#### [PROBLEM TO SOLVE]
Retype the listing that follows, exactly as written.

#### [RAW DATA]
□ □ □ □ □ □ □

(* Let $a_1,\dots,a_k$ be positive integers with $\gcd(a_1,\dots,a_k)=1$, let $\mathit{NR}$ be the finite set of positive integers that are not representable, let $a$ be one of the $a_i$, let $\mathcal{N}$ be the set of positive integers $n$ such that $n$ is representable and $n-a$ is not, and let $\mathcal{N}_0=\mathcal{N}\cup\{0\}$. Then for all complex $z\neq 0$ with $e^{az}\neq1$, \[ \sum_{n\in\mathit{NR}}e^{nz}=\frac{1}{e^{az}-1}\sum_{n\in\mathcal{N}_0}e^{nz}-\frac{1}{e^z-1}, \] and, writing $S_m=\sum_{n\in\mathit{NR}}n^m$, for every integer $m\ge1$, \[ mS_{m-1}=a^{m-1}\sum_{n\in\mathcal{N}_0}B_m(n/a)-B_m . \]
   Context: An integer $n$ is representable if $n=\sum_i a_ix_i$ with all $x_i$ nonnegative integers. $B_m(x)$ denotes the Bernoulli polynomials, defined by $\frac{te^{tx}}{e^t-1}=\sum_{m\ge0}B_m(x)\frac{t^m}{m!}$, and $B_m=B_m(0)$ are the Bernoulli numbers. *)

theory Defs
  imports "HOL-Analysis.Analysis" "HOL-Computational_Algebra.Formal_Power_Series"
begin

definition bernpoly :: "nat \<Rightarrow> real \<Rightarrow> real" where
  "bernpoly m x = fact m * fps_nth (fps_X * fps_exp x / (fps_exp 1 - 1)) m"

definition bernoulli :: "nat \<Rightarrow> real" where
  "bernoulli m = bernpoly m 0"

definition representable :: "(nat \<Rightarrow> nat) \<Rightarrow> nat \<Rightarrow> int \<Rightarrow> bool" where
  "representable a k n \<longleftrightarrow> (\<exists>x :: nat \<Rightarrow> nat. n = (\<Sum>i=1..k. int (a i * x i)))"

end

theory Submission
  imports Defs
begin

□ □ □ □ □ □ □

#### [ANSWER FOR THE TASK]
(* Let $a_1,\dots,a_k$ be positive integers with $\gcd(a_1,\dots,a_k)=1$, let $\mathit{NR}$ be the finite set of positive integers that are not representable, let $a$ be one of the $a_i$, let $\mathcal{N}$ be the set of positive integers $n$ such that $n$ is representable and $n-a$ is not, and let $\mathcal{N}_0=\mathcal{N}\cup\{0\}$. Then for all complex $z\neq 0$ with $e^{az}\neq1$, \[ \sum_{n\in\mathit{NR}}e^{nz}=\frac{1}{e^{az}-1}\sum_{n\in\mathcal{N}_0}e^{nz}-\frac{1}{e^z-1}, \] and, writing $S_m=\sum_{n\in\mathit{NR}}n^m$, for every integer $m\ge1$, \[ mS_{m-1}=a^{m-1}\sum_{n\in\mathcal{N}_0}B_m(n/a)-B_m . \]
   Context: An integer $n$ is representable if $n=\sum_i a_ix_i$ with all $x_i$ nonnegative integers. $B_m(x)$ denotes the Bernoulli polynomials, defined by $\frac{te^{tx}}{e^t-1}=\sum_{m\ge0}B_m(x)\frac{t^m}{m!}$, and $B_m=B_m(0)$ are the Bernoulli numbers. *)

theory Defs
  imports "HOL-Analysis.Analysis" "HOL-Computational_Algebra.Formal_Power_Series"
begin

definition bernpoly :: "nat \<Rightarrow> real \<Rightarrow> real" where
  "bernpoly m x = fact m * fps_nth (fps_X * fps_exp x / (fps_exp 1 - 1)) m"

definition bernoulli :: "nat \<Rightarrow> real" where
  "bernoulli m = bernpoly m 0"

definition representable :: "(nat \<Rightarrow> nat) \<Rightarrow> nat \<Rightarrow> int \<Rightarrow> bool" where
  "representable a k n \<longleftrightarrow> (\<exists>x :: nat \<Rightarrow> nat. n = (\<Sum>i=1..k. int (a i * x i)))"

end

theory Submission
  imports Defs
begin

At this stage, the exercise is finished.